Typically you'll want to use the branch that you're deploying with your site. This will vary depending on your host, but most will provide an environment variable of some sort that you can use.

// tina/config.ts
//...
+ const branch =
+ process.env.NEXT_PUBLIC_TINA_BRANCH ||
+ process.env.NEXT_PUBLIC_VERCEL_GIT_COMMIT_REF ||
+ process.env.HEAD ||
+ ''
export default defineConfig({
//...
token: '<Your Read Only Token>' // generated on app.tina.io,
clientId: '<Your Client ID>', // generated on app.tina.io
branch,
schema: {
collections: [
//...
// See https://tina.io/docs/schema/ for more info about "collections"
]}
})
NEXT_PUBLIC_VERCEL_GIT_COMMIT_REF is Vercel's system environment variable that represents the branch that has made the deployment commit. HEAD is the equivalent system environment variable used by Netlify.

Your fully configured tina/config.{js,ts} should look something like this:

import { defineConfig } from 'tinacms'
const branch =
process.env.NEXT_PUBLIC_TINA_BRANCH ||
process.env.NEXT_PUBLIC_VERCEL_GIT_COMMIT_REF ||
process.env.HEAD
export default defineConfig({
token: '<Your Read Only Token>' // generated on app.tina.io
clientId: '<Your Client ID>', // generated on app.tina.io
branch,
schema: {
// ...
},
})

The apiURL is configured to use the local Content API in development (to query your local files), and the hosted content API (with auth) in production.

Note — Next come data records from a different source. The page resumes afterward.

lemma measure_Int_interval_shift_le:
  fixes E :: "real set"
  assumes "E \<in> sets lebesgue"
  shows "measure lebesgue (E \<inter> {p + h..q + h}) \<le> measure lebesgue (E \<inter> {p..q}) + 2 * \<bar>h\<bar>"
proof -
  define J where "J = {p - \<bar>h\<bar>..p} \<union> {q..q + \<bar>h\<bar>}"
  have J: "J \<in> lmeasurable"
    by (simp add: J_def fmeasurable.Un)
  have "measure lebesgue J \<le> measure lebesgue {p - \<bar>h\<bar>..p} + measure lebesgue {q..q + \<bar>h\<bar>}"
    unfolding J_def by (intro measure_Un_le) auto
  then have "measure lebesgue J \<le> 2 * \<bar>h\<bar>" by simp
  have E_pq: "E \<inter> {p..q} \<in> lmeasurable"
    using assms by (rule lmeasurable_Int_interval)
  have "E \<inter> {p + h..q + h} \<subseteq> E \<inter> {p..q} \<union> J"
    by (auto simp: J_def)
  then have "measure lebesgue (E \<inter> {p + h..q + h}) \<le> measure lebesgue (E \<inter> {p..q} \<union> J)"
    using assms E_pq J by (intro measure_mono_fmeasurable) auto
  also have "\<dots> \<le> measure lebesgue (E \<inter> {p..q}) + measure lebesgue J"
    using E_pq J by (intro measure_Un_le) auto
  finally show ?thesis
    using \<open>measure lebesgue J \<le> 2 * \<bar>h\<bar>\<close> by simp
qed

lemma continuous_measure_Int_left_interval:
  fixes E :: "real set"
  assumes "E \<in> sets lebesgue"
  shows "continuous_on UNIV (\<lambda>x. measure lebesgue (E \<inter> {x - s..x}))"
proof (rule lipschitz_on_continuous_on[OF lipschitz_onI])
  fix x y :: real
  have "measure lebesgue (E \<inter> {(y - s) + (x - y)..y + (x - y)})
      \<le> measure lebesgue (E \<inter> {y - s..y}) + 2 * \<bar>x - y\<bar>"
    and "measure lebesgue (E \<inter> {(x - s) + (y - x)..x + (y - x)})
      \<le> measure lebesgue (E \<inter> {x - s..x}) + 2 * \<bar>y - x\<bar>"
    using assms by (rule measure_Int_interval_shift_le)+
  then show "dist (measure lebesgue (E \<inter> {x - s..x})) (measure lebesgue (E \<inter> {y - s..y}))
      \<le> 2 * dist x y"
    by (simp add: dist_real_def abs_minus_commute)
qed simp

lemma open_left_sparse:
  assumes "E \<in> sets lebesgue"
  shows "open (left_sparse E \<eta>)"
proof -
  have "open (\<Union>s\<in>{0<..<\<eta>}. {x. measure lebesgue (E \<inter> {x - s..x}) < s / 2})"
    by (intro open_UN ballI open_Collect_less continuous_measure_Int_left_interval[OF assms]
        continuous_on_const)
  moreover have "left_sparse E \<eta> = (\<Union>s\<in>{0<..<\<eta>}. {x. measure lebesgue (E \<inter> {x - s..x}) < s / 2})"
    by (auto simp: left_sparse_def)
  ultimately show ?thesis by simp
qed

lemma open_right_sparse:
  assumes "E \<in> sets lebesgue"
  shows "open (right_sparse E \<eta>)"
  unfolding right_sparse_reflect
  using open_left_sparse[OF sets_lebesgue_reflect[OF assms]] by (rule open_negations)

lemma exists_left_sparse_interval_after_gap:
  fixes E :: "real set"
  assumes E: "E \<in> sets lebesgue" and gap: "measure lebesgue (E \<inter> {c..d}) < (d - c) / 4"
    and "x0 \<in> E" "d \<le> x0"
  obtains y where "y \<in> E" "d \<le> y" "y < x0 + (d - c) / 4"
    "measure lebesgue (E \<inter> {c..y}) < (y - c) / 2"
proof -
  \<comment> \<open>\<open>y\<close> is almost the first point of \<open>E\<close> to the right of \<open>[c, d]\<close>,
    so \<open>[c, y]\<close> contains little more of \<open>E\<close> than \<open>[c, d]\<close> does\<close>
  define A where "A = E \<inter> {d..}"
  have "c < d"
    using gap measure_nonneg[of lebesgue "E \<inter> {c..d}"] by argo
  have "x0 \<in> A" "bdd_below A"
    using \<open>x0 \<in> E\<close> \<open>d \<le> x0\<close> by (auto simp: A_def)
  then have "Inf A \<le> x0"
    by (rule cInf_lower)
  obtain y where "y \<in> A" "y < Inf A + (d - c) / 4"
    using cInf_lessD[of A "Inf A + (d - c) / 4"] \<open>x0 \<in> A\<close> \<open>c < d\<close> by auto
  have "Inf A \<le> y" "y \<in> E" "d \<le> y"
    using \<open>y \<in> A\<close> \<open>bdd_below A\<close> by (auto intro: cInf_lower simp: A_def)
  have "Inf A \<le> x" if "x \<in> E" "d \<le> x" for x
    using that \<open>bdd_below A\<close> by (intro cInf_lower) (auto simp: A_def)
  then have "E \<inter> {c..y} \<subseteq> E \<inter> {c..d} \<union> {Inf A..y}"
    by force
  then have "measure lebesgue (E \<inter> {c..y}) \<le> measure lebesgue (E \<inter> {c..d} \<union> {Inf A..y})"
    using E lmeasurable_Int_interval[OF E] by (intro measure_mono_fmeasurable fmeasurable.Un) auto
  also have "\<dots> \<le> measure lebesgue (E \<inter> {c..d}) + measure lebesgue {Inf A..y}"
    using lmeasurable_Int_interval[OF E] by (intro measure_Un_le) auto
  also have "measure lebesgue {Inf A..y} = y - Inf A"
    using \<open>Inf A \<le> y\<close> by simp
  finally have "measure lebesgue (E \<inter> {c..y}) < (y - c) / 2"
    using gap \<open>y < Inf A + (d - c) / 4\<close> \<open>d \<le> y\<close> by argo
  moreover have "y < x0 + (d - c) / 4"
    using \<open>y < Inf A + (d - c) / 4\<close> \<open>Inf A \<le> x0\<close> by argo
  ultimately show ?thesis
    using that \<open>y \<in> E\<close> \<open>d \<le> y\<close> by blast
qed

lemma exists_left_sparse_near:
  fixes E :: "real set"
  assumes E: "E \<in> sets lebesgue" "weakly_nowhere_dense E" and "x0 \<in> E" "0 < \<delta>"
  obtains y where "y \<in> E" "\<bar>y - x0\<bar> < \<delta>" "y \<in> left_sparse E \<delta>"
proof -
  have "- E \<in> sets lebesgue" "0 < measure lebesgue (- E \<inter> {x0 - \<delta> / 2..x0})"
    using E \<open>0 < \<delta>\<close> by (auto simp: Compl_in_sets_lebesgue intro: weakly_nowhere_dense_Compl_pos)
  then obtain c d where cd: "x0 - \<delta> / 2 \<le> c" "c < d" "d \<le> x0"
    and "3 / 4 * (d - c) < measure lebesgue (- E \<inter> {c..d})"
    by (rule exists_interval_density_gt[where \<theta> = "3 / 4"]) auto
  then have "measure lebesgue (E \<inter> {c..d}) < (d - c) / 4"
    using measure_Compl_Int_interval[OF E(1), of c d] by simp
  then obtain y where y: "y \<in> E" "d \<le> y" "y < x0 + (d - c) / 4"
    and sparse: "measure lebesgue (E \<inter> {y - (y - c)..y}) < (y - c) / 2"
    using exists_left_sparse_interval_after_gap[OF E(1) _ \<open>x0 \<in> E\<close> \<open>d \<le> x0\<close>] by auto
  have "\<bar>y - x0\<bar> < \<delta>" "y - c < \<delta>"
    using cd y unfolding abs_less_iff by argo+
  moreover have "y \<in> left_sparse E \<delta>"
    using sparse \<open>y - c < \<delta>\<close> cd y unfolding left_sparse_def by (intro CollectI exI[of _ "y - c"]) auto
  ultimately show ?thesis
    using that \<open>y \<in> E\<close> by blast
qed

lemma closure_Int_left_sparse:
  fixes E :: "real set"
  assumes "E \<in> sets lebesgue" "weakly_nowhere_dense E" "0 < \<eta>"
  shows "E \<subseteq> closure (E \<inter> left_sparse E \<eta>)"
proof
  fix x0 assume "x0 \<in> E"
  show "x0 \<in> closure (E \<inter> left_sparse E \<eta>)"
    unfolding closure_approachable
  proof (intro allI impI)
    fix e :: real assume "0 < e"
    then obtain y where "y \<in> E" "\<bar>y - x0\<bar> < min e \<eta>" "y \<in> left_sparse E (min e \<eta>)"
      using exists_left_sparse_near[OF assms(1,2) \<open>x0 \<in> E\<close>, of "min e \<eta>"] \<open>0 < \<eta>\<close> by auto
    moreover have "left_sparse E (min e \<eta>) \<subseteq> left_sparse E \<eta>"
      by (auto simp: left_sparse_def)
    ultimately show "\<exists>y\<in>E \<inter> left_sparse E \<eta>. dist y x0 < e"
      by (auto simp: dist_real_def)
  qed
qed

lemma closure_Int_right_sparse:
  fixes E :: "real set"
  assumes "E \<in> sets lebesgue" "weakly_nowhere_dense E" "0 < \<eta>"
  shows "E \<subseteq> closure (E \<inter> right_sparse E \<eta>)"
proof -
  have "uminus ` E \<subseteq> closure (uminus ` E \<inter> left_sparse (uminus ` E) \<eta>)"
    using assms by (intro closure_Int_left_sparse sets_lebesgue_reflect weakly_nowhere_dense_reflect)
  then have "uminus ` uminus ` E \<subseteq> uminus ` closure (uminus ` E \<inter> left_sparse (uminus ` E) \<eta>)"
    by (rule image_mono)
  also have "\<dots> = closure (E \<inter> right_sparse E \<eta>)"
    by (simp add: closure_injective_linear_image linear_uminus image_Int image_image right_sparse_reflect)
  finally show ?thesis by (simp add: image_image)
qed

lemma left_density_point_tendsto:
  assumes "left_density_point E x"
  shows "((\<lambda>s. measure lebesgue (E \<inter> {x - s..x}) / s) \<longlongrightarrow> 1) (at_right 0)"
proof (rule tendsto_at_right_sequentially[of 0 1])
  fix r :: "nat \<Rightarrow> real"
  assume r: "\<And>n. 0 < r n" "decseq r" "r \<longlonglongrightarrow> 0"
  then have "(\<lambda>n. measure lebesgue (E \<inter> {x - r n..x}) / measure lebesgue {x - r n..x}) \<longlonglongrightarrow> 1"
    using assms unfolding left_density_point_def by blast
  moreover have "measure lebesgue {x - r n..x} = r n" for n
    using r(1)[of n] by simp
  ultimately show "(\<lambda>n. measure lebesgue (E \<inter> {x - r n..x}) / r n) \<longlonglongrightarrow> 1"
    by simp
qed simp

lemma not_left_density_point_if_sparse:
  assumes "\<And>n. x \<in> left_sparse E (inverse (Suc n))"
  shows "\<not> left_density_point E x"
proof
  assume "left_density_point E x"
  then have "\<forall>\<^sub>F s in at_right 0. 1 / 2 < measure lebesgue (E \<inter> {x - s..x}) / s"
    by (rule order_tendstoD(1)[OF left_density_point_tendsto]) simp
  then obtain b where "0 < b" and b: "\<And>s. 0 < s \<Longrightarrow> s < b \<Longrightarrow> 1 / 2 < measure lebesgue (E \<inter> {x - s..x}) / s"
    by (auto simp: eventually_at_right_field)
  obtain n where "inverse (Suc n) < b"
    using reals_Archimedean[OF \<open>0 < b\<close>] by auto
  then obtain s where "0 < s" "s < b" "measure lebesgue (E \<inter> {x - s..x}) < s / 2"
    using assms[of n] by (auto simp: left_sparse_def)
  with b[of s] show False
    by (simp add: field_simps)
qed

lemma not_right_density_point_if_sparse:
  assumes "\<And>n. x \<in> right_sparse E (inverse (Suc n))"
  shows "\<not> right_density_point E x"
  unfolding right_density_point_iff_reflect
proof (rule not_left_density_point_if_sparse)
  show "- x \<in> left_sparse (uminus ` E) (inverse (Suc n))" for n
    using assms[of n] unfolding right_sparse_reflect by auto
qed

subsection \<open>Baire category\<close>

lemma sets_lebesgue_gdelta:
  fixes E :: "'a::euclidean_space set"
  assumes "gdelta_in euclidean E"
  shows "E \<in> sets lebesgue"
proof -
  obtain \<T> where "countable \<T>" "\<And>T. T \<in> \<T> \<Longrightarrow> open T" "\<Inter>\<T> = E"
    using assms by (auto simp: gdelta_in_alt intersection_of_def)
  then show ?thesis
    using sets.countable_INT''[of lebesgue \<T> "\<lambda>T. T"] by auto
qed

lemma gdelta_Int_Inter_dense_open_nonempty:
  fixes E :: "'a::{real_normed_vector,heine_borel} set"
  assumes "gdelta_in euclidean E" "E \<noteq> {}" "countable \<U>"
    and open_dense: "\<And>U. U \<in> \<U> \<Longrightarrow> open U \<and> E \<subseteq> closure (E \<inter> U)"
  shows "E \<inter> \<Inter>\<U> \<noteq> {}"
proof -
  obtain \<T> where \<T>: "countable \<T>" "\<And>T. T \<in> \<T> \<Longrightarrow> open T" "\<Inter>\<T> = E"
    using assms(1) by (auto simp: gdelta_in_alt intersection_of_def)
  have all_open_dense: "open U \<and> E \<subseteq> closure (E \<inter> U)" if "U \<in> \<T> \<union> \<U>" for U
    using that open_dense \<T> closure_subset by blast
  have "openin (top_of_set (closure E)) (closure E \<inter> U) \<and> closure E \<subseteq> closure (closure E \<inter> U)"
    if "U \<in> \<T> \<union> \<U>" for U
  proof -
    have "closure E \<subseteq> closure (E \<inter> U)"
      using all_open_dense[OF that] by (meson closed_closure closure_minimal)
    also have "\<dots> \<subseteq> closure (closure E \<inter> U)"
      by (intro closure_mono Int_mono closure_subset order_refl)
    finally show ?thesis
      using all_open_dense[OF that] by (auto intro: openin_open_Int)
  qed
  then have "closure E \<subseteq> closure (\<Inter>((\<lambda>U. closure E \<inter> U) ` (\<T> \<union> \<U>)))"
    using \<T>(1) \<open>countable \<U>\<close> by (intro Baire) auto
  then obtain x where "x \<in> \<Inter>((\<lambda>U. closure E \<inter> U) ` (\<T> \<union> \<U>))"
    using \<open>E \<noteq> {}\<close> closure_subset by fastforce
  then have "x \<in> \<Inter>\<T>" "x \<in> \<Inter>\<U>"
    by blast+
  then show ?thesis
    using \<T>(3) by blast
qed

Deploying your site (with the TinaCMS admin)

The next step is to update your deployment configuration, so the TinaCMS admin gets built alongside your site. This allows your editors to enter the CMS through <your-site>/admin (or your-site/admin/index.html).

In general, you'll want to make sure that your build command is running tinacms build before your site's build command. This will build the TinaCMS admin alongside your site. You'll also want to make sure that your Tina NEXT_PUBLIC_TINA_CLIENT_ID and TINA_TOKEN are setup as environment variables on your host.